Congenital malformations - Trachea
Dr Sarath Ranganathan, Royal Children's Hospital, Melbourne
Introduction: Congenital tracheal malformations may be either intrinsic to the trachea itself or a consequence of external compression of the airway. While congenital tracheal malformations are by definition present at birth, they may only cause symptoms far later in life. The commonest symptom is stridor which is classically biphasic. Other airway-related symptoms (e.g., wheezing, cough, pneumonia, croup) may be present as may be a history of poor feeding and failure to thrive. A history of frequent neck hyperextension is common as the child tries to maximally open the airway.

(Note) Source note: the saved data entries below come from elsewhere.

(* Let $G=(V,E,H)$ be a HEDG and $X,Y,Z\subseteq V$. Then the following are equivalent: (i) $X\perp^\sigma_G Y\mid Z$; (ii) $X\perp^\sigma_{G^{\mathrm{aug}}}Y\mid Z$; (iii) $X\perp^d_{G^{\mathrm{acy}}}Y\mid Z$; (iv) $X\perp^d_{G^{\mathrm{acag}}}Y\mid Z$; (v) $X\perp^d_{(G^{\mathrm{aug}})^{\mathrm{acy}}}Y\mid Z$; (vi) $X\perp^d_{(G^{\mathrm{acy}})^{\mathrm{aug}}}Y\mid Z$.
   Context: HEDG $G=(V,E,H)$: $V$ finite, $E\subseteq V\times V$ (self-loops allowed), $H$ a simplicial complex on $V$ (contains singletons, closed under subsets), $\tilde H$ its maximal elements; $v\leftrightarrow w$ for distinct $v,w$ with $\{v,w\}\in H$. $\mathrm{Anc}^G,\mathrm{Desc}^G$ (including the node), $\mathrm{Sc}^G(v)=\mathrm{Anc}^G(v)\cap\mathrm{Desc}^G(v)$. A directed graph is regarded as a HEDG whose hyperedges are only singletons. Augmentation $G^{\mathrm{aug}}$: directed graph on $V\cup\{e_F:F\in\tilde H\}$ with edges $E$ together with $e_F\to v$ for all $v\in F$. Acyclification $G^{\mathrm{acy}}=(V,E^{\mathrm{acy}},H^{\mathrm{acy}})$: $v\to w\in E^{\mathrm{acy}}$ iff $v\notin\mathrm{Sc}^G(w)$ and some $w'\in\mathrm{Sc}^G(w)$ has $(v,w')\in E$; $H^{\mathrm{acy}}=\{F'\subseteq\bigcup_{v\in F}\mathrm{Sc}^G(v):F\in H\}$. $(G^{\mathrm{aug}})^{\mathrm{acy}}$ is the acyclification of $G^{\mathrm{aug}}$, $(G^{\mathrm{acy}})^{\mathrm{aug}}$ the augmentation of $G^{\mathrm{acy}}$, and $G^{\mathrm{acag}}$ is the directed graph with the node set and directed edges of $(G^{\mathrm{aug}})^{\mathrm{acy}}$ but only singleton hyperedges. Paths: node sequences (repetitions allowed, $n\ge1$) with consecutive nodes joined by $\to,\leftarrow,\leftrightarrow$. d-separation $X\perp^d Y\mid Z$: every path between $X$ and $Y$ is $Z$-blocked, meaning an endnode is in $Z$, or an intermediate collider (both adjacent edges have an arrowhead at it) is not an ancestor of $Z$, or an intermediate non-collider is in $Z$. $\sigma$-separation $X\perp^\sigma Y\mid Z$: every path between $X$ and $Y$ is $Z$-$\sigma$-blocked, meaning an endnode is in $Z$, or an intermediate collider is not an ancestor of $Z$, or an intermediate non-collider $v_i\in Z$ has on the path a directed edge $v_i\to v_{i\pm1}$ pointing to a node outside the strongly connected component of $v_i$. *)

theory Defs
  imports Main
begin
(* Let $\mathcal{T}_{5,2}$ be the set of $s\in\mathcal{A}^*$ with $|s|\ne\mathsf{rmin}(s)+1$, $\mathrm{sebr}(s)\ne0$, $\mathrm{sebr}(s)\ge\mathrm{Rmin}(s)_{\mathsf{rpos}(s)+1}$ and $\mathrm{Prm}(s)_{\mathsf{rpos}(s)+1}\ne\mathrm{Prm}(s)_{\mathsf{rpos}(s)}+1$. For every $n$ there is a bijection $f_{5,2}$ from $\mathcal{T}_{5,2}\cap\mathcal{A}_n$ onto the set of $s\in\mathcal{A}_n$ such that $\mathsf{rpos}(s)\ne0$, the rightmost occurrence of $\mathrm{Rmin}(s)_{\mathsf{rpos}(s)-1}$ is not adjacent to the second rightmost occurrence of $\mathrm{Rmin}(s)_{\mathsf{rpos}(s)}$, and the two rightmost occurrences of $\mathrm{Rmin}(s)_{\mathsf{rpos}(s)}$ are not adjacent. Moreover for all $s$: $\mathsf{asc},\mathsf{rep},\mathsf{max},\mathsf{rmin}$ take equal values on $s$ and $f_{5,2}(s)$, $\mathsf{rpos}(s)=\mathsf{rpos}(f_{5,2}(s))-1$, $\mathsf{zero}(s)=\mathsf{zero}(f_{5,2}(s))+\chi(\mathsf{rpos}(s)=0)$ and $\mathsf{ealm}(s)=\mathsf{ealm}(f_{5,2}(s))-\chi(\mathrm{Prm}(s)_{\mathsf{rpos}(s)}=\mathsf{max}(s)+1)$.
   Context: For a sequence $s$, $\mathsf{asc}(s)=|\{i:s_i<s_{i+1}\}|$. An ascent sequence is a sequence $s=(s_1,\dots,s_n)$ of non-negative integers with $s_1=0$, $s_i\le\mathsf{asc}(s_1,\dots,s_{i-1})+1$ for $i\ge2$; $\mathcal{A}_n$ is the set of those of length $n$, $|s|$ the length; $\mathcal{A}^*$ is the set of all ascent sequences except those of the form $(0,1,\dots,|s|-1)$. $\mathsf{rep}(s)=|s|-|\{s_i\}|$; $\mathsf{zero}(s)=|\{i:s_i=0\}|$; $\mathsf{max}(s)=|\{i:s_i=i-1\}|$; $\mathsf{ealm}(s)=s_{\mathsf{max}(s)+1}$ if $\mathsf{max}(s)\ne|s|$, else $0$. A right-to-left minimum is an entry $s_i$ with $s_i<s_j$ for all $j>i$; $\mathsf{rmin}(s)$ is their number; they are indexed $0,\dots,\mathsf{rmin}(s)-1$ from left to right, with values $\mathrm{Rmin}(s)_m$ and positions $\mathrm{Prm}(s)_m$. $\mathsf{rpos}(s)$: $0$ if $\mathsf{rmin}(s)=|s|$; otherwise the maximal $m$ such that the value $\mathrm{Rmin}(s)_m$ occurs at least twice after position $\mathrm{Prm}(s)_{m-1}$ (for $m=0$: at least twice in $s$), and $0$ if none. $\mathrm{sebr}(s)$ is the smallest entry strictly between the two rightmost occurrences of $\mathrm{Rmin}(s)_{\mathsf{rpos}(s)}$, and $0$ if they are adjacent; when $\mathsf{rpos}(s)=\mathsf{rmin}(s)-1$ one regards $\mathrm{sebr}(s)<\mathrm{Rmin}(s)_{\mathsf{rpos}(s)+1}$ as true. $\chi(P)=1$ if $P$ holds, else $0$. *)

theory Defs
  imports Main
begin

text \<open>Sequences are lists of naturals; the paper's entry s_i (1-indexed) is s ! (i - 1).
  Positions (Prm, occurrences) are 1-indexed as in the paper.\<close>

definition asc :: "nat list \<Rightarrow> nat" where
  "asc s = card {i. i + 1 < length s \<and> s ! i < s ! (i + 1)}"

definition is_ascent_seq :: "nat list \<Rightarrow> bool" where
  "is_ascent_seq s \<longleftrightarrow>
     (\<forall>i < length s. s ! i \<le> (if i = 0 then 0 else asc (take i s) + 1))"

definition ascseqs :: "nat \<Rightarrow> nat list set" where
  "ascseqs n = {s. is_ascent_seq s \<and> length s = n}"

definition ascseqs_star :: "nat list set" where
  "ascseqs_star = {s. is_ascent_seq s \<and> s \<noteq> [0..<length s]}"

definition rep :: "nat list \<Rightarrow> nat" where
  "rep s = length s - card (set s)"

definition zero :: "nat list \<Rightarrow> nat" where
  "zero s = card {i. i < length s \<and> s ! i = 0}"

definition maxst :: "nat list \<Rightarrow> nat" where
  "maxst s = card {i. 1 \<le> i \<and> i \<le> length s \<and> s ! (i - 1) = i - 1}"

definition ealm :: "nat list \<Rightarrow> nat" where
  "ealm s = (if maxst s \<noteq> length s then s ! (maxst s + 1 - 1) else 0)"

definition rmin_positions :: "nat list \<Rightarrow> nat list" where
  "rmin_positions s = filter (\<lambda>i. \<forall>j. i < j \<and> j \<le> length s \<longrightarrow> s ! (i - 1) < s ! (j - 1)) [1..<length s + 1]"

definition rmin :: "nat list \<Rightarrow> nat" where
  "rmin s = length (rmin_positions s)"

definition Prm :: "nat list \<Rightarrow> nat \<Rightarrow> nat" where
  "Prm s m = rmin_positions s ! m"

definition Rmin :: "nat list \<Rightarrow> nat \<Rightarrow> nat" where
  "Rmin s m = s ! (Prm s m - 1)"

definition occs :: "nat list \<Rightarrow> nat \<Rightarrow> nat set" where
  "occs s v = {i. 1 \<le> i \<and> i \<le> length s \<and> s ! (i - 1) = v}"

definition rightmost_occ :: "nat list \<Rightarrow> nat \<Rightarrow> nat" where
  "rightmost_occ s v = Max (occs s v)"

definition second_rightmost_occ :: "nat list \<Rightarrow> nat \<Rightarrow> nat" where
  "second_rightmost_occ s v = Max (occs s v - {Max (occs s v)})"

definition rpos :: "nat list \<Rightarrow> nat" where
  "rpos s = (if rmin s = length s then 0
     else Max (insert 0 {m. m < rmin s \<and>
        2 \<le> card {i \<in> occs s (Rmin s m). m = 0 \<or> Prm s (m - 1) < i}}))"

text \<open>smallest entry strictly between the two rightmost occurrences of Rmin_{rpos};
  0 if they are adjacent (or, by convention, if there are fewer than two occurrences).\<close>
definition sebr :: "nat list \<Rightarrow> nat" where
  "sebr s = (let v = Rmin s (rpos s); a = second_rightmost_occ s v; b = rightmost_occ s v in
     if card (occs s v) < 2 \<or> b = a + 1 then 0
     else Min {s ! (i - 1) | i. a < i \<and> i < b})"

definition adjacent :: "nat \<Rightarrow> nat \<Rightarrow> bool" where
  "adjacent i j \<longleftrightarrow> i + 1 = j \<or> j + 1 = i"

text \<open>The set T_{5,2}. The comparison sebr >= Rmin_{rpos+1} is regarded false when
  rpos = rmin - 1 (i.e. sebr < Rmin_{rpos+1} regarded true).\<close>
definition T52 :: "nat list set" where
  "T52 = {s \<in> ascseqs_star.
     length s \<noteq> rmin s + 1 \<and> sebr s \<noteq> 0 \<and>
     (rpos s + 1 < rmin s \<and> sebr s \<ge> Rmin s (rpos s + 1)) \<and>
     Prm s (rpos s + 1) \<noteq> Prm s (rpos s) + 1}"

Tracheal Embryology: The trachea begins its development during the 4th week of the embryological period as an outpouching of the ventral wall of the foregut (respiratory diverticulum). The endodermal lining of the pouch gives rise to the epithelial lining of the trachea. The cartilaginous and muscular components of the trachea are derived from the surrounding splanchnic mesoderm. The pouch elongates in the caudal direction and soon becomes separated from the foregut by the oesophagotracheal septum. The ventral portion forms the trachea and lung buds, while the dorsal portion forms the oesophagus.
Tracheal Agenesis and Atresia: Tracheal agenesis and atresia are almost uniformly fatal. Those affected newborns survive only if an alternate pathway for ventilation (eg, a patent broncho-oesophageal fistula) exists.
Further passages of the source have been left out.